Options for the workforce are narrowing and if the deal is not accepted by the end of the month, it is feared the FLS negotiating team may walk away from the takeover.
In that event, the TEAM board is expected to recommend to the airline that the maintenance operation be wound down and closed.
TEAM has been a financial disaster. It cost about _60 million to set up, received _64 million in 1994 in the form of a non-refundable loan and has accumulated losses of _60 million in the seven years since it was set up, according to Aer Lingus.
Last week, forms of acceptance to buy out the letters of comfort were sent out again to about 930 workers who did not return the original letters.
An accompanying four-page letter from management consultant John Behan says the FLS takeover is the only option for the future of TEAM.
He described union suggestions that a 1994 Labor Court agreement be reversed as “inoperable.”
“Reverting to pre-1994 conditions is akin to burying heads in the sand and attempts to have retrospective pay rises granted is a recipe to bankrupt the company. The effect of increased costs associated with TEAM could ultimately gravely effect the future of the airline and the Group,” according to Behan.

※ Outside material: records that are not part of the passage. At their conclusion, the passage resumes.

lemma distr_shear_lborel_Pi:
  fixes c :: "('n::finite \<Rightarrow> real) \<Rightarrow> real"
  assumes [measurable]: "c \<in> borel_measurable lborel_Pi"
    and c_indep: "\<And>x y. c (x(s := y)) = c x"
  shows "distr lborel_Pi lborel_Pi (shear s c) = lborel_Pi"
proof (rule measure_eqI)
  interpret product_sigma_finite "\<lambda>_::'n. lborel :: real measure"
    by (rule product_sigma_finite_lborel)
  have U: "(UNIV :: 'n set) = insert s (UNIV - {s})" by auto
  fix A assume "A \<in> sets (distr lborel_Pi lborel_Pi (shear s c))"
  then have [measurable]: "A \<in> sets lborel_Pi" by simp
  have fibre: "(\<integral>\<^sup>+y. indicator A (shear s c (x(s := y))) \<partial>lborel) = (\<integral>\<^sup>+y. indicator A (x(s := y)) \<partial>lborel)"
    for x :: "'n \<Rightarrow> real"
  proof -
    have [measurable]: "(\<lambda>y. x(s := y)) \<in> measurable borel lborel_Pi"
      by (rule measurable_PiM_single') auto
    have "(\<integral>\<^sup>+y. indicator A (x(s := y)) \<partial>lborel) = (\<integral>\<^sup>+y. indicator A (x(s := c x + y)) \<partial>lborel)"
      using nn_integral_real_affine[of "\<lambda>y. indicator A (x(s := y))" 1 "c x"] by simp
    then show ?thesis
      by (simp add: shear_def c_indep add.commute)
  qed
  have "emeasure (distr lborel_Pi lborel_Pi (shear s c)) A
      = (\<integral>\<^sup>+x. indicator A x \<partial>distr lborel_Pi lborel_Pi (shear s c))"
    by simp
  also have "\<dots> = (\<integral>\<^sup>+x. indicator A (shear s c x) \<partial>lborel_Pi)"
    by (rule nn_integral_distr) measurable
  also have "\<dots> = (\<integral>\<^sup>+x. (\<integral>\<^sup>+y. indicator A (shear s c (x(s := y))) \<partial>lborel) \<partial>PiM (UNIV - {s}) (\<lambda>_. lborel))"
    by (subst U, subst product_nn_integral_insert) (auto simp flip: U)
  also have "\<dots> = (\<integral>\<^sup>+x. (\<integral>\<^sup>+y. indicator A (x(s := y)) \<partial>lborel) \<partial>PiM (UNIV - {s}) (\<lambda>_. lborel))"
    by (simp add: fibre)
  also have "\<dots> = (\<integral>\<^sup>+x. indicator A x \<partial>lborel_Pi)"
    by (subst (2) U, subst product_nn_integral_insert) (auto simp flip: U)
  finally show "emeasure (distr lborel_Pi lborel_Pi (shear s c)) A = emeasure lborel_Pi A"
    by simp
qed simp

lemma acyclic_dag_edges_obtain_sink:
  fixes pa :: "'n::finite \<Rightarrow> 'n set"
  assumes "acyclic (dag_edges pa)" and "S \<noteq> {}"
  obtains s where "s \<in> S" and "\<And>i. i \<in> S \<Longrightarrow> s \<notin> pa i"
proof -
  have "wf ((dag_edges pa)\<inverse>)"
    using finite_acyclic_wf_converse[OF finite assms(1)] .
  with assms(2) obtain s where "s \<in> S" "\<And>i. (i, s) \<in> (dag_edges pa)\<inverse> \<Longrightarrow> i \<notin> S"
    unfolding wf_eq_minimal by blast
  then show thesis by (intro that) (auto simp: dag_edges_def)
qed

lemma depends_only_on_update:
  assumes "depends_only_on g S" and "l \<notin> S" and "\<And>j. j \<noteq> l \<Longrightarrow> x $ j = y $ j"
  shows "g x = g y"
  using assms unfolding depends_only_on_def by metis

definition residual_map :: "('n::finite \<Rightarrow> real ^ 'n \<Rightarrow> real) \<Rightarrow> 'n set \<Rightarrow> ('n \<Rightarrow> real) \<Rightarrow> 'n \<Rightarrow> real"
  where "residual_map f S x = (\<lambda>i. if i \<in> S then x i - f i (vec_lambda x) else x i)"

lemma measurable_residual_map:
  assumes "\<And>i. f i \<in> borel_measurable borel"
  shows "residual_map f S \<in> measurable lborel_Pi lborel_Pi"
  unfolding residual_map_def
  by (rule measurable_PiM_single') (use assms in \<open>auto intro!: measurable_compose[OF borel_measurable_vec_lambda]\<close>)

lemma residual_map_remove_sink:
  assumes dep: "\<And>i. depends_only_on (f i) (pa i)"
    and "s \<in> S" and sink: "\<And>i. i \<in> S \<Longrightarrow> s \<notin> pa i"
  shows "residual_map f S = residual_map f (S - {s}) \<circ> shear s (\<lambda>x. - f s (vec_lambda x))"
proof -
  have upd: "f i (vec_lambda (x(s := y))) = f i (vec_lambda x)" if "i \<in> S" for i x y
    using sink[OF that] by (intro depends_only_on_update[OF dep]) auto
  show ?thesis
  proof (intro ext)
    fix x i
    show "residual_map f S x i = (residual_map f (S - {s}) \<circ> shear s (\<lambda>x. - f s (vec_lambda x))) x i"
      using \<open>s \<in> S\<close> upd[of i] upd[of s] by (auto simp: residual_map_def shear_def)
  qed
qed

lemma residual_map_measure_preserving:
  fixes f :: "'n::finite \<Rightarrow> real ^ 'n \<Rightarrow> real" and pa :: "'n \<Rightarrow> 'n set"
  assumes dag: "acyclic (dag_edges pa)"
    and dep: "\<And>i. depends_only_on (f i) (pa i)"
    and fm: "\<And>i. f i \<in> borel_measurable borel"
  shows "distr lborel_Pi lborel_Pi (residual_map f S) = lborel_Pi
    \<and> (\<exists>U \<in> measurable lborel_Pi lborel_Pi. \<forall>x. U (residual_map f S x) = x)"
  using finite[of S]
proof (induction S rule: finite_psubset_induct)
  case (psubset S)
  show ?case
  proof (cases "S = {}")
    case True
    then have "residual_map f S = id" by (auto simp: residual_map_def)
    then show ?thesis by (auto simp: distr_id2 id_def)
  next
    case False
    then obtain s where s: "s \<in> S" "\<And>i. i \<in> S \<Longrightarrow> s \<notin> pa i"
      using acyclic_dag_edges_obtain_sink[OF dag] by blast
    define c where "c x = - f s (vec_lambda x)" for x
    have [measurable]: "c \<in> borel_measurable lborel_Pi"
      unfolding c_def by (intro borel_measurable_uminus measurable_compose[OF borel_measurable_vec_lambda fm])
    have c_indep: "c (x(s := y)) = c x" for x y
      unfolding c_def using s by (intro arg_cong[of _ _ uminus] depends_only_on_update[OF dep]) auto
    obtain U where U: "U \<in> measurable lborel_Pi lborel_Pi" "\<And>x. U (residual_map f (S - {s}) x) = x"
      and D: "distr lborel_Pi lborel_Pi (residual_map f (S - {s})) = lborel_Pi"
      using psubset.IH[of "S - {s}"] s by auto
    have decomp: "residual_map f S = residual_map f (S - {s}) \<circ> shear s c"
      unfolding c_def by (rule residual_map_remove_sink[OF dep s])
    have "distr lborel_Pi lborel_Pi (residual_map f S)
        = distr (distr lborel_Pi lborel_Pi (shear s c)) lborel_Pi (residual_map f (S - {s}))"
      unfolding decomp by (rule distr_distr[symmetric]) (auto intro: measurable_residual_map fm)
    also have "\<dots> = lborel_Pi"
      using D by (simp add: distr_shear_lborel_Pi c_indep)
    finally have "distr lborel_Pi lborel_Pi (residual_map f S) = lborel_Pi" .
    moreover have "shear s (\<lambda>x. - c x) \<circ> U \<in> measurable lborel_Pi lborel_Pi"
      using U(1) by (rule measurable_comp) measurable
    moreover have "\<forall>x. (shear s (\<lambda>x. - c x) \<circ> U) (residual_map f S x) = x"
      using U(2) shear_uminus_shear[of c s, OF c_indep] by (simp add: decomp)
    ultimately show ?thesis by blast
  qed
qed

lemma distr_eq_density_comp_left_inverse:
  assumes T: "T \<in> measurable N N" "distr N N T = N"
    and U: "U \<in> measurable N N" "\<And>x. x \<in> space N \<Longrightarrow> U (T x) = x"
    and Y: "Y \<in> measurable M N"
    and \<rho>: "\<rho> \<in> borel_measurable N"
    and TY: "distr M N (\<lambda>\<omega>. T (Y \<omega>)) = density N \<rho>"
  shows "distr M N Y = density N (\<lambda>x. \<rho> (T x))"
proof -
  have "distr M N Y = distr M N (\<lambda>\<omega>. U (T (Y \<omega>)))"
    using Y U(2) by (intro distr_cong) (auto simp: measurable_space)
  also have "\<dots> = distr (distr M N (\<lambda>\<omega>. T (Y \<omega>))) N U"
    using T U Y by (subst distr_distr) (auto simp: comp_def)
  also have "distr M N (\<lambda>\<omega>. T (Y \<omega>)) = distr (density N (\<lambda>x. \<rho> (T x))) N T"
    unfolding TY using T \<rho> by (simp flip: density_distr)
  also have "distr (distr (density N (\<lambda>x. \<rho> (T x))) N T) N U
      = distr (density N (\<lambda>x. \<rho> (T x))) N (\<lambda>x. U (T x))"
    using T U \<rho> by (subst distr_distr) (auto simp: comp_def)
  also have "\<dots> = density N (\<lambda>x. \<rho> (T x))"
    using U(2) by (subst distr_cong[where g = id]) (auto simp: distr_id2 id_def)
  finally show ?thesis .
qed

lemma indicator_PiE_UNIV:
  fixes x :: "'n::finite \<Rightarrow> 'b"
  shows "(\<Prod>i\<in>UNIV. indicator (A i) (x i) :: ennreal) = indicator (PiE UNIV A) x"
  by (auto simp: indicator_def PiE_iff)

lemma distr_indep_vars_eq_density_PiM:
  fixes Z :: "'n::finite \<Rightarrow> 'a \<Rightarrow> real"
  assumes "prob_space M"
    and dist: "\<And>i. distributed M lborel (Z i) (g i)"
    and indep: "prob_space.indep_vars M (\<lambda>_. borel) Z UNIV"
  shows "distr M lborel_Pi (\<lambda>\<omega> i. Z i \<omega>) = density lborel_Pi (\<lambda>x. \<Prod>i\<in>UNIV. g i (x i))"
proof -
  interpret prob_space M by fact
  interpret L: product_sigma_finite "\<lambda>_::'n. lborel :: real measure"
    by (rule product_sigma_finite_lborel)
  have [measurable]: "Z i \<in> borel_measurable M" "g i \<in> borel_measurable borel" for i
    using dist[of i] by (auto simp: distributed_def)
  have distr_Z: "distr M borel (Z i) = density lborel (g i)" for i
    using dist[of i] by (simp add: distributed_def cong: distr_cong)
  interpret PS: product_sigma_finite "\<lambda>i. distr M borel (Z i)"
    unfolding product_sigma_finite_def by (auto intro!: prob_space_imp_sigma_finite prob_space_distr)
  have "distr M lborel_Pi (\<lambda>\<omega> i. Z i \<omega>) = distr M (PiM UNIV (\<lambda>_. borel)) (\<lambda>\<omega>. \<lambda>i\<in>UNIV. Z i \<omega>)"
    by (rule distr_cong) (auto intro!: sets_PiM_cong)
  also have "\<dots> = PiM UNIV (\<lambda>i. distr M borel (Z i))"
    using indep_vars_iff_distr_eq_PiM[where I = UNIV and M' = "\<lambda>_. borel" and X = Z] indep by auto
  also have "\<dots> = density lborel_Pi (\<lambda>x. \<Prod>i\<in>UNIV. g i (x i))"
  proof (rule PS.PiM_eqI[symmetric])
    fix A assume "\<And>i. i \<in> UNIV \<Longrightarrow> A i \<in> sets (distr M borel (Z i))"
    then have [measurable]: "A i \<in> sets borel" for i by auto
    have "emeasure (density lborel_Pi (\<lambda>x. \<Prod>i\<in>UNIV. g i (x i))) (PiE UNIV A)
        = (\<integral>\<^sup>+x. (\<Prod>i\<in>UNIV. g i (x i) * indicator (A i) (x i)) \<partial>lborel_Pi)"
      by (subst emeasure_density) (auto intro: sets_PiM_I_finite simp: prod.distrib indicator_PiE_UNIV)
    also have "\<dots> = (\<Prod>i\<in>UNIV. \<integral>\<^sup>+y. g i y * indicator (A i) y \<partial>lborel)"
      by (rule L.product_nn_integral_prod) auto
    also have "\<dots> = (\<Prod>i\<in>UNIV. emeasure (distr M borel (Z i)) (A i))"
      by (simp add: distr_Z emeasure_density)
    finally show "emeasure (density lborel_Pi (\<lambda>x. \<Prod>i\<in>UNIV. g i (x i))) (PiE UNIV A)
        = (\<Prod>i\<in>UNIV. emeasure (distr M borel (Z i)) (A i))" .
  qed (auto intro!: sets_PiM_cong)
  finally show ?thesis .
qed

He said the pay increases raised by the union would add _18 million to the TEAM payroll bill and the craft union group submission was “not a credible strategy.”
“Adding these costs to the break-even position we will achieve in 1998 at the top of the market, TEAM would run up additional losses of almost _90 million in the next few years and would have to incur interest on additional borrowings to fund these losses, bringing the total loss to well over _100 million.”

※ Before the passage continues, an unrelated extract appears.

(* Fix $\mathbf{v}\in\mathbb{R}^{K+1}\setminus\{\mathbf{0}\}$ and $\bar{\mathbf{f}}\in\mathbb{C}^{n}\setminus\{\mathbf{0}\}$, and assume that the matrix $\mathbf{B}(\bar{\mathbf{f}},\mathbf{v})$ defined below is invertible. Then the first-order stationarity (KKT) condition of the unconstrained problem $\min_{\bar{\mathbf{f}},\mathbf{v}} f(\bar{\mathbf{f}},\mathbf{v})$ with respect to $\bar{\mathbf{f}}$, namely $\nabla_{\bar{\mathbf{f}}^*} f(\bar{\mathbf{f}},\mathbf{v})=\mathbf{0}$, holds if and only if $$\mathbf{B}(\bar{\mathbf{f}},\mathbf{v})^{-1}\mathbf{A}(\bar{\mathbf{f}},\mathbf{v})\,\bar{\mathbf{f}}=\lambda(\bar{\mathbf{f}},\mathbf{v})\,\bar{\mathbf{f}},$$ where $$\mathbf{A}(\bar{\mathbf{f}},\mathbf{v})=\lambda_{\mathrm{num}}\Big\{\sum_{j=1}^{K}\Big[R_{\mathrm{target},j}\Big(\tfrac{\mathbf{A}_j^{p}}{\bar{\mathbf{f}}^{H}\mathbf{A}_j^{p}\bar{\mathbf{f}}}+w_j\mathbf{L}_A\Big)+\bar R_{p,j}\tfrac{\mathbf{B}_j^{p}}{\bar{\mathbf{f}}^{H}\mathbf{B}_j^{p}\bar{\mathbf{f}}}+w_jC_j\mathbf{L}_B+w_j\bar R_{p,j}\mathbf{L}_B+C_j\tfrac{\mathbf{B}_j^{p}}{\bar{\mathbf{f}}^{H}\mathbf{B}_j^{p}\bar{\mathbf{f}}}\Big]+\eta_{\mathrm{mc}}\Big[R_{\mathrm{target,mc}}w_{K+1}\mathbf{L}_A+w_{K+1}C_{\mathrm{mc}}\mathbf{L}_B\Big]\Big\},$$ $$\mathbf{B}(\bar{\mathbf{f}},\mathbf{v})=\lambda_{\mathrm{den}}\Big\{\sum_{j=1}^{K}\Big[R_{\mathrm{target},j}\Big(\tfrac{\mathbf{B}_j^{p}}{\bar{\mathbf{f}}^{H}\mathbf{B}_j^{p}\bar{\mathbf{f}}}+w_j\mathbf{L}_B\Big)+\bar R_{p,j}\tfrac{\mathbf{A}_j^{p}}{\bar{\mathbf{f}}^{H}\mathbf{A}_j^{p}\bar{\mathbf{f}}}+w_jC_j\mathbf{L}_A+w_j\bar R_{p,j}\mathbf{L}_A+C_j\tfrac{\mathbf{A}_j^{p}}{\bar{\mathbf{f}}^{H}\mathbf{A}_j^{p}\bar{\mathbf{f}}}\Big]+\eta_{\mathrm{mc}}\Big[R_{\mathrm{target,mc}}w_{K+1}\mathbf{L}_B+w_{K+1}C_{\mathrm{mc}}\mathbf{L}_A\Big]\Big\},$$ with all quantities $\lambda_{\mathrm{num}},\lambda_{\mathrm{den}},\lambda,w_j,C_j,C_{\mathrm{mc}},\bar R_{p,j},\mathbf{L}_A,\mathbf{L}_B$ evaluated at $(\bar{\mathbf{f}},\mathbf{v})$.
   Context: Let $K\ge1$, $N_t\ge1$ be integers and $n:=N_t(K+1)$. For each $k\in\{1,\dots,K\}$ let $\mathbf{a}_k\in\mathbb{C}^{N_t}$ and $\gamma_k>0$; let $\sigma^2>0$, $P>0$, $\alpha>0$, $\eta_{\mathrm{mc}}>0$, and real numbers $R_{\mathrm{target},1},\dots,R_{\mathrm{target},K},R_{\mathrm{target,mc}}$ be given. Write $\mathrm{blkdiag}$ for a block-diagonal matrix with $K+1$ diagonal blocks of size $N_t\times N_t$, and $\mathbf{I}$ for the identity. Define the $n\times n$ matrices $\mathbf{A}_k^{c}=\mathrm{blkdiag}(\gamma_k\mathbf{a}_k\mathbf{a}_k^H,\dots,\gamma_k\mathbf{a}_k\mathbf{a}_k^H)+\frac{\sigma^2}{P}\mathbf{I}$, $\mathbf{B}_k^{c}=\mathbf{A}_k^{c}-\mathrm{blkdiag}(\gamma_k\mathbf{a}_k\mathbf{a}_k^H,0,\dots,0)$, $\mathbf{A}_k^{p}=\mathrm{blkdiag}(0,\gamma_k\mathbf{a}_k\mathbf{a}_k^H,\dots,\gamma_k\mathbf{a}_k\mathbf{a}_k^H)+\frac{\sigma^2}{P}\mathbf{I}$, $\mathbf{B}_k^{p}=\mathbf{A}_k^{p}-\mathrm{blkdiag}(0,\dots,0,\gamma_k\mathbf{a}_k\mathbf{a}_k^H,0,\dots,0)$ where the nonzero block is the $(k+1)$-th block. For $\bar{\mathbf{f}}\in\mathbb{C}^n\setminus\{\mathbf 0\}$ define $\bar R_{c,k}(\bar{\mathbf{f}})=\log_2\frac{\bar{\mathbf{f}}^H\mathbf{A}_k^c\bar{\mathbf{f}}}{\bar{\mathbf{f}}^H\mathbf{B}_k^c\bar{\mathbf{f}}}$, $\bar R_{p,k}(\bar{\mathbf{f}})=\log_2\frac{\bar{\mathbf{f}}^H\mathbf{A}_k^p\bar{\mathbf{f}}}{\bar{\mathbf{f}}^H\mathbf{B}_k^p\bar{\mathbf{f}}}$, the smoothed minimum (LogSumExp) $S(\bar{\mathbf{f}})=-\alpha\ln\big(\frac1K\sum_{i=1}^K\exp(-\bar R_{c,i}(\bar{\mathbf{f}})/\alpha)\big)$, the weights $\pi_i(\bar{\mathbf{f}})=\exp(-\bar R_{c,i}/\alpha)/\sum_{\ell=1}^K\exp(-\bar R_{c,\ell}/\alpha)$, and $\mathbf{L}_A(\bar{\mathbf{f}})=\sum_{i=1}^K\pi_i\frac{\mathbf{A}_i^c}{\bar{\mathbf{f}}^H\mathbf{A}_i^c\bar{\mathbf{f}}}$, $\mathbf{L}_B(\bar{\mathbf{f}})=\sum_{i=1}^K\pi_i\frac{\mathbf{B}_i^c}{\bar{\mathbf{f}}^H\mathbf{B}_i^c\bar{\mathbf{f}}}$. For $\mathbf{v}=(v_1,\dots,v_{K+1})^T\in\mathbb{R}^{K+1}\setminus\{\mathbf 0\}$, let $\mathbf{E}_k$ ($k=1,\dots,K+1$) be the $(K+1)\times(K+1)$ diagonal matrix with $1$ in position $(k,k)$ and $0$ elsewhere, $w_k(\mathbf{v})=\frac{\mathbf{v}^T\mathbf{E}_k\mathbf{v}}{\mathbf{v}^T\mathbf{v}}=\frac{v_k^2}{\|\mathbf{v}\|^2}$, $C_k(\bar{\mathbf{f}},\mathbf{v})=w_k(\mathbf{v})S(\bar{\mathbf{f}})$ for $k=1,\dots,K$ (common-rate portions of unicast messages) and $C_{\mathrm{mc}}(\bar{\mathbf{f}},\mathbf{v})=w_{K+1}(\mathbf{v})S(\bar{\mathbf{f}})$ (multicast common-rate portion). Objective: $f(\bar{\mathbf{f}},\mathbf{v})=\sum_{j=1}^K\big(R_{\mathrm{target},j}-\bar R_{p,j}(\bar{\mathbf{f}})-C_j(\bar{\mathbf{f}},\mathbf{v})\big)^2+\eta_{\mathrm{mc}}\big(R_{\mathrm{target,mc}}-C_{\mathrm{mc}}(\bar{\mathbf{f}},\mathbf{v})\big)^2$. Scalars: $\lambda_{\mathrm{num}}(\bar{\mathbf{f}},\mathbf{v})=\prod_{j=1}^K\exp\big(-(R_{\mathrm{target},j}-\bar R_{p,j}-C_j)^2\big)$, $\lambda_{\mathrm{den}}(\bar{\mathbf{f}},\mathbf{v})=\exp\big(\eta_{\mathrm{mc}}(R_{\mathrm{target,mc}}-C_{\mathrm{mc}})^2\big)$, $\lambda(\bar{\mathbf{f}},\mathbf{v})=\lambda_{\mathrm{num}}/\lambda_{\mathrm{den}}=\exp(-f(\bar{\mathbf{f}},\mathbf{v}))$. $\nabla_{\bar{\mathbf{f}}^*}$ denotes the Wirtinger gradient with respect to the complex conjugate of $\bar{\mathbf{f}}$ (its vanishing is equivalent to vanishing of the real gradient with respect to the real and imaginary parts of $\bar{\mathbf{f}}$). *)

theory Defs
  imports Complex_Main "Jordan_Normal_Form.Matrix"
begin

He also warned that notions that a redundancy package back in Aer Lingus for the TEAM staff would be of more benefit was “unfounded” – it would not be better than the buyout deal on offer.
The workers had been hoping for more money, enhanced pensions, and Aer Lingus retaining a 51 percent stake in the ailing TEAM company in a takeover situation.

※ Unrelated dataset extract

(* Let $\mathcal H=(C,f,D,g)$ be a hybrid plant and $\mathcal A\subset\mathbb R^n$ a closed set. Suppose there exist a continuous function $\sigma:(0,\infty)\to[0,\infty)$ and $\varepsilon>0$ such that $|f(x,u)|\le\sigma(|x|_{\mathcal A})$ for all $(x,u)\in C$ with $0<|x|_{\mathcal A}\le\varepsilon$. Then there exists a class-$\mathcal K$ function $\alpha$ such that every solution pair $(x,u)$ to $\mathcal H$ satisfies $|x(t,0)|_{\mathcal A}\ge\alpha(|x(0,0)|_{\mathcal A})$ for all $t\in[0,\alpha(|x(0,0)|_{\mathcal A})]$ with $(t,0)\in\operatorname{dom}(x,u)$.
   Context: Notation: $|\cdot|$ is the Euclidean norm, $|x|_{\mathcal A}=\inf_{a\in\mathcal A}|x-a|$. A class-$\mathcal K$ function is a continuous strictly increasing $\alpha:\mathbb R_{\ge0}\to\mathbb R_{\ge0}$ with $\alpha(0)=0$. A hybrid plant $\mathcal H=(C,f,D,g)$ consists of a closed flow set $C\subset\mathbb R^n\times\mathbb R^m$, a flow map $f:C\to\mathbb R^n$, a jump set $D\subset\mathbb R^n\times\mathbb R^m$ and a jump map $g:D\to\mathbb R^n$, with dynamics $\dot x=f(x,u)$ for $(x,u)\in C$ and $x^+=g(x,u)$ for $(x,u)\in D$. A set $E\subset\mathbb R_{\ge0}\times\mathbb N$ is a compact hybrid time domain if $E=\bigcup_{j=0}^{J}([t_j,t_{j+1}]\times\{j\})$ for some $J\in\mathbb N$ and $0=t_0\le t_1\le\dots\le t_{J+1}$; $E$ is a hybrid time domain if it is the union of a nondecreasing sequence of compact hybrid time domains. A pair $(x,u)$ with common hybrid time domain $\operatorname{dom}(x,u)$ is a solution pair to $\mathcal H$ if: (S0) $(x(0,0),u(0,0))\in C\cup D$; (S1) for each $j$ such that $I^j:=\{t:(t,j)\in\operatorname{dom}(x,u)\}$ has nonempty interior, $t\mapsto x(t,j)$ is locally absolutely continuous, $t\mapsto u(t,j)$ is Lebesgue measurable and locally essentially bounded on $\operatorname{int}I^j$, and for almost all $t\in I^j$, $(x(t,j),u(t,j))\in C$ and $\dot x(t,j)=f(x(t,j),u(t,j))$; (S2) for each $(t,j)\in\operatorname{dom}(x,u)$ with $(t,j+1)\in\operatorname{dom}(x,u)$, $(x(t,j),u(t,j))\in D$ and $x(t,j+1)=g(x(t,j),u(t,j))$. *)

theory Defs
  imports "HOL-Analysis.Analysis"
begin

Behan clarified that workers would retain flight concessions in Aer Lingus and efforts will be made to also secure them with a new strategic partner. He also clarified issues involving seniority and pensions and said FLS hoped to grow the operation and did not forecast any redundancies.
Enterprise Minister Mary O’Rourke made clear there is no more money available and she advised TEAM staff to accept the takeover.
She said there was no one willing to strike a 49:51 joint deal on TEAM with the state airline. “There is no one offering to come in on that basis,” she said.
She also said she knew the unions put the idea forward in good faith.
“I would encourage them to engage in full consultation with management, tease out everything and work toward what I hope will be a satisfactory conclusion,” she said.